California v Stanford Photo by Ezra Shaw/Getty Images

The 121st Big Game is FINALLY upon us. The season ends, for the first time in 3 years, with a rivalry game unlike any other in the country. The red. The BLUE AND GOLD. The Axe. It all comes down to a kick off on Saturday, December 1st. Just in case you weren’t hyped enough. Just in case you need that extra push. Just in case you need a reason to start your pregame on Friday night. I present to you.

A Cal Pep Talk with Mike Silver.

To start, we know that you’re avid fan of not just Cal Football but all 30 of the Cal Athletics sports. Cal currently claims 98 team national championships. Which sports team will win Cal’s 100th team national championship in 2019?

Women’s hoops. Believe.

The Wilcox era is off to an impressive start, what is something you have come to enjoy from Wilcox that the rest of the fan base might not know?

I’ve known Justin for a long time, and I was super psyched when he got the job, and I’ll start by saying this: No pretense. No frills. There are plenty of amusing examples that speak to this, but instead I’ll offer up a raw and very real one: Last December, I was at a dinner in Beverly Hills hosted by Philadelphia Eagles owner Jeffrey Lurie, and at one point I stepped outside to check my phone. There was a text from one of my NFL Network colleagues informing me, with great certainty, that Justin would be getting the Oregon job… like, ‘Say goodbye to your coach’ certain. Now, I won’t say I was tempted to charge into oncoming traffic—I know Justin’s agent well, and I’m used to hearing people proclaim that something is a “done deal” when it’s not actually done, and I had a pretty good sense that the powers that be at Cal understood how important it was to keep him. Still, it was an unnerving moment. I mean, it was his alma mater, and Phil Knight has insanely deep pockets, and sh*t happens. The next morning, I went home to NorCal and was about to take a shower when the phone rang. It was Justin. I braced myself for tough news. He goes, “Hey—I know there’s some stuff out there about me leaving, and it’s totally flattering, but I’m not gonna go. I want to be here.” I can’t even remember how I replied, but inside I was floating through the clouds soaking up the golden rays of the sun and staring at the most beautiful rainbow… Eventually, he says, “Can you, like, put that out there?” I laughed. “You mean, like a journalist?” He goes, “I want people to know I want to be here… I just don’t want to sound like a douche.” And so, I tweeted it—and, a few seconds later, text-taunted my colleague who’d told me Wilcox-to-Oregon was a done deal.

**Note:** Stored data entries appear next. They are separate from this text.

lemma combine_closed:
  assumes "y \<in> odo q"
  shows "combine a y \<in> odo p"
proof (rule odoI)
  fix n
  show "combine a y n < p n" using dvd_chain_pos[OF p] by (simp add: combine_def)
  have "p n dvd p (Suc n)" using p by (simp add: dvd_chain_def)
  then have "combine a y (Suc n) mod p n = (a + m * y (Suc n)) mod p n"
    by (simp add: combine_def mod_mod_cancel)
  also have "\<dots> = (a + m * y n) mod p n"
    using assms by (intro mod_add_mult_cong[OF p_dvd_factor]) (simp add: odo_def)
  finally show "combine a y (Suc n) mod p n = combine a y n" by (simp add: combine_def)
qed

lemma low_less: "low x < m"
  using m_pos by (simp add: low_def)

lemma low_eq:
  assumes "x \<in> odo p" "s \<le> N"
  shows "low x = x N mod m"
proof -
  have "x N mod p s mod m = x N mod m" using m_dvd[OF order_refl] by (rule mod_mod_cancel)
  then show ?thesis using odo_mod[OF p assms] by (simp add: low_def)
qed

lemma high_closed:
  assumes x: "x \<in> odo p"
  shows "high x \<in> odo q"
proof (rule odoI)
  fix i
  have "x (i + s) < m * q i" using odo_less[OF x] factor[of i] by simp
  then show "high x i < q i" by (simp add: high_def less_mult_imp_div_less mult.commute)
  define X where "X = x (Suc i + s)"
  have "x (i + s) = X mod (m * q i)"
    using odo_mod[OF p x, of "i + s" "Suc i + s"] factor[of i] by (simp add: X_def)
  also have "\<dots> = m * (X div m mod q i) + X mod m" by (rule mod_mult2_eq)
  finally have "x (i + s) div m = X div m mod q i" using m_pos by simp
  then show "high x (Suc i) mod q i = high x i" by (simp add: high_def X_def)
qed

lemma low_combine: "a < m \<Longrightarrow> low (combine a y) = a"
  using m_dvd[OF order_refl] by (simp add: low_def combine_def mod_mod_cancel)

lemma high_combine:
  assumes "a < m" "y \<in> odo q"
  shows "high (combine a y) = y"
proof
  fix i
  have "combine a y (i + s) = (a + m * y (i + s)) mod (m * q i)"
    by (simp add: combine_def factor)
  also have "\<dots> = a + m * (y (i + s) mod q i)" by (rule add_mult_mod_mult[OF assms(1)])
  also have "\<dots> = a + m * y i" using odo_mod[OF q assms(2), of i "i + s"] by simp
  finally show "high (combine a y) i = y i" using assms(1) by (simp add: high_def)
qed

lemma combine_low_high:
  assumes x: "x \<in> odo p"
  shows "combine (low x) (high x) = x"
proof
  fix n
  have "low x + m * high x n = x (n + s)"
    using low_eq[OF x, of "n + s"] by (simp add: high_def)
  then show "combine (low x) (high x) n = x n"
    using odo_mod[OF p x, of n "n + s"] by (simp add: combine_def)
qed

lemma odo_split:
  assumes "x \<in> odo p"
  obtains a y where "a < m" "y \<in> odo q" "x = combine a y"
  by (rule that[OF low_less high_closed[OF assms] combine_low_high[OF assms, symmetric]])

lemma combine_inject:
  assumes "a < m" "b < m" "y \<in> odo q" "z \<in> odo q"
  shows "combine a y = combine b z \<longleftrightarrow> a = b \<and> y = z"
proof
  assume "combine a y = combine b z"
  then have "low (combine a y) = low (combine b z)" "high (combine a y) = high (combine b z)"
    by simp_all
  then show "a = b \<and> y = z" using low_combine high_combine assms by simp
qed simp

lemma combine_add:
  "odo_add p (combine a y) (combine 0 z) = combine a (odo_add q y z)"
proof
  fix n
  have "odo_add p (combine a y) (combine 0 z) n = (a + m * (y n + z n)) mod p n"
    by (simp add: odo_add_def combine_def mod_add_eq add_mult_distrib2 add.assoc)
  also have "\<dots> = (a + m * ((y n + z n) mod q n)) mod p n"
    by (rule mod_add_mult_cong[OF p_dvd_factor]) simp
  finally show "odo_add p (combine a y) (combine 0 z) n = combine a (odo_add q y z) n"
    by (simp add: combine_def odo_add_def)
qed

lemma combine_const: "combine 0 (odo_const q k) = odo_const p (m * k)"
proof
  fix n
  have "(0 + m * k) mod p n = (0 + m * (k mod q n)) mod p n"
    by (rule mod_add_mult_cong[OF p_dvd_factor]) simp
  then show "combine 0 (odo_const q k) n = odo_const p (m * k) n"
    by (simp add: combine_def odo_const_def)
qed

end

section \<open>The wreath product acting on the odometer\<close>

lemma inj_on_imp_permutes_extension:
  assumes "finite A" "inj_on f A" "f ` A \<subseteq> A"
  shows "(\<lambda>a. if a \<in> A then f a else a) permutes A"
proof (rule bij_imp_permutes)
  have "f ` A = A" using assms by (simp add: endo_inj_surj)
  then show "bij_betw (\<lambda>a. if a \<in> A then f a else a) A A"
    using assms(2) by (auto simp: bij_betw_def inj_on_def)
qed simp

lemma wr_grp_carrier_iff:
  "(v, \<sigma>) \<in> carrier (wr_grp q m) \<longleftrightarrow> v \<in> {..<m} \<rightarrow>\<^sub>E odo q \<and> \<sigma> permutes {..<m}"
  by (simp add: wr_grp_def)

lemma wr_grp_carrierD:
  assumes "(v, \<sigma>) \<in> carrier (wr_grp q m)" "a < m"
  shows "\<sigma> a < m" "inv_into UNIV \<sigma> a < m" "v a \<in> odo q"
  using assms permutes_in_image[of \<sigma> "{..<m}"] permutes_in_image[OF permutes_inv, of \<sigma> "{..<m}"]
  by (auto simp: wr_grp_carrier_iff)
lemma Qpoly_split_vertex:
  assumes "finite V" "v \<in> V" "length W = length I"
  shows "Qpoly V E k mu Z W I = (\<Sum>j\<in>{1..k}. Qpoly V E k mu Z (W @ [v]) (I @ [j]))"
proof -
  let ?f = "\<lambda>\<phi>. \<Prod>e\<in>E. Z e (\<phi> ` e)"
  let ?C = "{\<phi> \<in> balanced_colourings V k mu. map \<phi> W = I}"
  have "(\<Sum>j\<in>{1..k}. Qpoly V E k mu Z (W @ [v]) (I @ [j])) =
      (\<Sum>j\<in>{1..k}. \<Sum>\<phi> | \<phi> \<in> ?C \<and> \<phi> v = j. ?f \<phi>)"
    using assms(3) by (simp add: Qpoly_eq_sum_balanced_colourings conj_assoc)
  also have "\<dots> = sum ?f ?C"
  proof (rule sum.group)
    show "finite ?C"
      using finite_balanced_colourings[OF assms(1)] by (rule finite_subset[rotated]) auto
    show "(\<lambda>\<phi>. \<phi> v) ` ?C \<subseteq> {1..k}" using assms(2) by (auto simp: balanced_colourings_def)
  qed simp
  finally show ?thesis using assms(3) by (simp add: Qpoly_eq_sum_balanced_colourings)
qed

lemma nu_map_distinct: "distinct W \<Longrightarrow> nu j (map \<phi> W) = card {v \<in> set W. \<phi> v = j}"
  unfolding nu_def by (simp add: filter_map comp_def distinct_card[symmetric])

lemma adm_indices_if_balanced:
  assumes "finite V" "adm_vertices V W" "\<phi> \<in> balanced_colourings V k mu"
  shows "adm_indices k mu (map \<phi> W)"
  unfolding adm_indices_def
proof
  show "set (map \<phi> W) \<subseteq> {1..k}"
    using assms(2,3) by (auto simp: adm_vertices_def balanced_colourings_def)
  show "\<forall>i\<in>{1..k}. nu i (map \<phi> W) \<le> mu i"
  proof
    fix i assume "i \<in> {1..k}"
    have "nu i (map \<phi> W) = card {v \<in> set W. \<phi> v = i}"
      using assms(2) by (simp add: nu_map_distinct adm_vertices_def)
    also have "\<dots> \<le> card {v \<in> V. \<phi> v = i}"
      using assms(1,2) by (intro card_mono) (auto simp: adm_vertices_def)
    finally show "nu i (map \<phi> W) \<le> mu i"
      using assms(3) \<open>i \<in> {1..k}\<close> by (simp add: balanced_colourings_def)
  qed
qed

lemma Qpoly_eq_0_if_not_adm_indices:
  assumes "finite V" "adm_vertices V W" "length W = length I" "\<not> adm_indices k mu I"
  shows "Qpoly V E k mu Z W I = 0"
proof -
  have "{\<phi> \<in> balanced_colourings V k mu. map \<phi> W = I} = {}"
    using adm_indices_if_balanced[OF assms(1,2)] assms(4) by blast
  then show ?thesis unfolding Qpoly_eq_sum_balanced_colourings[OF assms(3)]
    by (simp only: sum.empty)
qed

lemma sum_Qpoly_remaining_vertices:
  assumes fin: "finite V" and W: "adm_vertices V W" and len: "length W = length I"
    and j: "j \<in> {1..k}"
  shows "(\<Sum>v\<in>V - set W. Qpoly V E k mu Z (W @ [v]) (I @ [j])) =
    of_nat (mu j - nu j I) * Qpoly V E k mu Z W I"
proof -
  let ?f = "\<lambda>\<phi>. \<Prod>e\<in>E. Z e (\<phi> ` e)"
  let ?C = "{\<phi> \<in> balanced_colourings V k mu. map \<phi> W = I}"
  have finC: "finite ?C"
    using finite_balanced_colourings[OF fin] by (rule finite_subset[rotated]) auto
  have card: "card {v \<in> V - set W. \<phi> v = j} = mu j - nu j I" if "\<phi> \<in> ?C" for \<phi>
  proof -
    have "{v \<in> V - set W. \<phi> v = j} = {v \<in> V. \<phi> v = j} - {v \<in> set W. \<phi> v = j}" by blast
    moreover have "card {v \<in> set W. \<phi> v = j} = nu j I"
      using that W by (auto simp: nu_map_distinct adm_vertices_def)
    moreover have "card {v \<in> V. \<phi> v = j} = mu j"
      using that j by (simp add: balanced_colourings_def)
    ultimately show ?thesis
      using fin W by (simp add: card_Diff_subset finite_subset adm_vertices_def subset_iff)
  qed
  have "(\<Sum>v\<in>V - set W. Qpoly V E k mu Z (W @ [v]) (I @ [j])) =
      (\<Sum>v\<in>V - set W. \<Sum>\<phi> | \<phi> \<in> ?C \<and> \<phi> v = j. ?f \<phi>)"
    using len by (simp add: Qpoly_eq_sum_balanced_colourings conj_assoc)
  also have "\<dots> = (\<Sum>\<phi>\<in>?C. \<Sum>v | v \<in> V - set W \<and> \<phi> v = j. ?f \<phi>)"
    using fin finC by (intro sum.swap_restrict) auto
  also have "\<dots> = (\<Sum>\<phi>\<in>?C. of_nat (mu j - nu j I) * ?f \<phi>)"
    using card by (intro sum.cong) simp_all
  finally show ?thesis using len by (simp add: Qpoly_eq_sum_balanced_colourings sum_distrib_left)
qed
(* There is a 2-player, 2-action, 1-state Markov game with horizon $2$ and a non-Markov (general) policy $\sigma_2$ for player 2 such that for all Markov policies $\sigma_1$ of player 1, $V_1^{\sigma_1\times\sigma_2}=1/2$, yet $\max_{\sigma_1}V_1^{\sigma_1\times\sigma_2}=3/4$, where the maximum is over all (randomized, possibly non-Markov) general policies $\sigma_1$ of player 1.
   Context: An $m$-player finite-horizon Markov game is $\mathcal{G}=(\mathcal{S},H,(\mathcal{A}_i)_{i\in[m]},\mathbb{P},(R_i)_{i\in[m]},\mu)$ with finite states, horizon $H$, finite action sets, transition kernels, deterministic rewards $R_{i,h}(s,\mathbf{a})\in[-1/H,1/H]$, and initial distribution $\mu$. In an episode agents choose actions simultaneously at each step, each agent $i$ observes its own reward $r_{i,h}=R_{i,h}(s_h,\mathbf{a}_h)$, and the state transitions. A general policy of agent $i$ maps its history $(s_1,a_{i,1},r_{i,1},\dots,s_{h-1},a_{i,h-1},r_{i,h-1})$ and current state $s_h$ to a distribution over its actions; a Markov policy depends only on $h$ and $s_h$. $V_1^{\sigma_1\times\sigma_2}$ is player 1's expected total reward when players independently follow $\sigma_1,\sigma_2$. *)

theory Defs
  imports "HOL-Probability.Probability"
begin

text \<open>A 2-player Markov game with a single state (type unit), horizon H = 2 and
action sets bool for both players.  The transition kernel and the initial
distribution are the (unique) point masses on the single state.
Rewards: R i h a1 a2 for player i (1 or 2), step h (1 or 2).
Rewards are deterministic and bounded by 1/H = 1/2 in absolute value.\<close>

type_synonym rewards = "nat \<Rightarrow> nat \<Rightarrow> bool \<Rightarrow> bool \<Rightarrow> real"

definition valid_game :: "rewards \<Rightarrow> bool" where
  "valid_game R \<longleftrightarrow>
     (\<forall>i\<in>{1,2}. \<forall>h\<in>{1,2::nat}. \<forall>a1 a2. \<bar>R i h a1 a2\<bar> \<le> 1/2)"

text \<open>A general policy of a player maps its own history
(s_1,a_1,r_1,...,s_{h-1},a_{h-1},r_{h-1}) (a list of triples) and the current
state s_h to a distribution over its actions.\<close>

type_synonym policy = "(unit \<times> bool \<times> real) list \<Rightarrow> unit \<Rightarrow> bool pmf"

definition markov_policy :: "policy \<Rightarrow> bool" where
  "markov_policy \<sigma> \<longleftrightarrow>
     (\<exists>f :: nat \<Rightarrow> unit \<Rightarrow> bool pmf. \<forall>hist s. \<sigma> hist s = f (length hist + 1) s)"

definition V1 :: "rewards \<Rightarrow> policy \<Rightarrow> policy \<Rightarrow> real" where
  "V1 R \<sigma>1 \<sigma>2 =
     measure_pmf.expectation (\<sigma>1 [] ()) (\<lambda>a1.
     measure_pmf.expectation (\<sigma>2 [] ()) (\<lambda>a2.
       R 1 1 a1 a2 +
       measure_pmf.expectation (\<sigma>1 [((), a1, R 1 1 a1 a2)] ()) (\<lambda>b1.
       measure_pmf.expectation (\<sigma>2 [((), a2, R 2 1 a1 a2)] ()) (\<lambda>b2.
         R 1 2 b1 b2))))"

end

theory Submission
  imports Defs
begin

text \<open>At step 1 each player's reward reveals the other player's action, and player 2 then plays
the XOR of both first actions, while player 1 is paid 1/2 at step 2 for matching it. A
history-dependent player 1 learns both bits and always matches, earning 1/4 + 1/2. A Markov
player 1 chooses its second action independently of player 2's uniform first bit, so the XOR is
a fair coin independent of that choice and player 1 matches with probability exactly 1/2,
earning 1/4 + 1/4. No policy earns more than 1/4 at step 1 or more than 1/2 at step 2.\<close>

lemma integral_measure_pmf_bool:
  fixes f :: "bool \<Rightarrow> real"
  shows "measure_pmf.expectation p f = pmf p True * f True + pmf p False * f False"
  by (subst integral_measure_pmf_real[where A = UNIV]) (auto simp: UNIV_bool)

lemma pmf_bool_not_add: "pmf p (\<not> b) + pmf p b = 1"
proof -
  have "(\<Sum>a\<in>UNIV. pmf p a) = 1"
    by (rule sum_pmf_eq_1) auto
  then show ?thesis
    by (cases b) (simp_all add: UNIV_bool)
qed

lemma integral_measure_pmf_bool_le_1:
  fixes f :: "bool \<Rightarrow> real"
  assumes "\<And>b. f b \<le> 1"
  shows "measure_pmf.expectation p f \<le> 1"
  by (rule measure_pmf.integral_le_const) (auto intro: integrable_measure_pmf_finite assms)

definition signalling_rewards :: rewards where
  "signalling_rewards i h a1 a2 =
     (if i = 1 \<and> h = 1 then (if a2 then 1/2 else 0)
      else if i = 2 \<and> h = 1 then (if a1 then 1/2 else 0)
      else if i = 1 \<and> h = 2 then (if a1 = a2 then 1/2 else 0)
      else 0)"

definition xor_policy :: policy where
  "xor_policy hist s = (case hist of
       [] \<Rightarrow> bernoulli_pmf (1/2)
     | [(_, a2, r)] \<Rightarrow> return_pmf (a2 \<noteq> (r = 1/2))
     | _ \<Rightarrow> return_pmf True)"

definition matching_policy :: policy where
  "matching_policy hist s = (case hist of
       [] \<Rightarrow> return_pmf True
     | [(_, a1, r)] \<Rightarrow> return_pmf (a1 \<noteq> (r = 1/2))
     | _ \<Rightarrow> return_pmf True)"

text \<open>Player 2's step-2 action is \<open>\<not> a1\<close> if its first action was True and \<open>a1\<close> otherwise;
player 1's first reward is 1/2 resp. 0 in these two cases.\<close>

definition match_prob :: "policy \<Rightarrow> bool \<Rightarrow> real" where
  "match_prob \<sigma>1 a1 =
     (pmf (\<sigma>1 [((), a1, 1/2)] ()) (\<not> a1) + pmf (\<sigma>1 [((), a1, 0)] ()) a1) / 2"

lemma valid_game_signalling_rewards: "valid_game signalling_rewards"
  by (auto simp: valid_game_def signalling_rewards_def)

lemma V1_xor_policy:
  "V1 signalling_rewards \<sigma>1 xor_policy =
     1/4 + measure_pmf.expectation (\<sigma>1 [] ()) (match_prob \<sigma>1) / 2"
  unfolding V1_def
  using pmf_bool_not_add[of "\<sigma>1 [] ()" True]
  by (simp add: integral_measure_pmf_bool signalling_rewards_def xor_policy_def match_prob_def
      field_simps)

lemma match_prob_le_1: "match_prob \<sigma>1 a1 \<le> 1"
  using pmf_le_1[of "\<sigma>1 [((), a1, 1/2)] ()" "\<not> a1"] pmf_le_1[of "\<sigma>1 [((), a1, 0)] ()" a1]
  by (simp add: match_prob_def)

lemma match_prob_markov:
  assumes "markov_policy \<sigma>1"
  shows "match_prob \<sigma>1 = (\<lambda>_. 1/2)"
proof
  fix a1
  obtain f where f: "\<And>hist s. \<sigma>1 hist s = f (length hist + 1) s"
    using assms unfolding markov_policy_def by blast
  show "match_prob \<sigma>1 a1 = 1/2"
    unfolding match_prob_def f using pmf_bool_not_add[of "f (Suc 1) ()" a1] by simp
qed

lemma match_prob_matching_policy: "match_prob matching_policy = (\<lambda>_. 1)"
  by (simp add: fun_eq_iff match_prob_def matching_policy_def)

theorem proposition6p1:
  shows "\<exists>R \<sigma>2. valid_game R \<and>
           (\<forall>\<sigma>1. markov_policy \<sigma>1 \<longrightarrow> V1 R \<sigma>1 \<sigma>2 = 1/2) \<and>
           (\<exists>\<sigma>1. V1 R \<sigma>1 \<sigma>2 = 3/4) \<and>
           (\<forall>\<sigma>1. V1 R \<sigma>1 \<sigma>2 \<le> 3/4)"
proof (intro exI conjI allI impI)
  show "valid_game signalling_rewards"
    by (rule valid_game_signalling_rewards)
next
  fix \<sigma>1 :: policy
  assume "markov_policy \<sigma>1"
  then show "V1 signalling_rewards \<sigma>1 xor_policy = 1/2"
    by (simp add: V1_xor_policy match_prob_markov)
next
  show "V1 signalling_rewards matching_policy xor_policy = 3/4"
    by (simp add: V1_xor_policy match_prob_matching_policy)
next
  fix \<sigma>1 :: policy
  have "measure_pmf.expectation (\<sigma>1 [] ()) (match_prob \<sigma>1) \<le> 1"
    by (rule integral_measure_pmf_bool_le_1) (rule match_prob_le_1)
  then show "V1 signalling_rewards \<sigma>1 xor_policy \<le> 3/4"
    by (simp add: V1_xor_policy)
qed

end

Basically, the notion of telling all those kids he’d asked to buy in that he was bailing after one season was something he couldn’t wrap his head around.

You seem to be in contact with a lot of Cal Football alumni in the NFL. What’s the current opinion of Coach Wilcox and what he’s done at Cal in the past two years?

Well, first of all, the best player in the NFL (Aaron Rodgers) is the president of the Justin Wilcox Fan Club, and it’s no coincidence that he’s been a lot more simpatico with the program and the university since his hiring. And in general, the NFL people with Cal ties understand football strategy and team-building on a much deeper level than I do, and they’re very impressed with this staff and with the way this team has played the past two seasons, despite not having a ton of guys on the roster who are obvious NFL prospects. Ron Rivera told me something the other day: “They play as a team.” Trust me, that’s about the highest compliment he can give.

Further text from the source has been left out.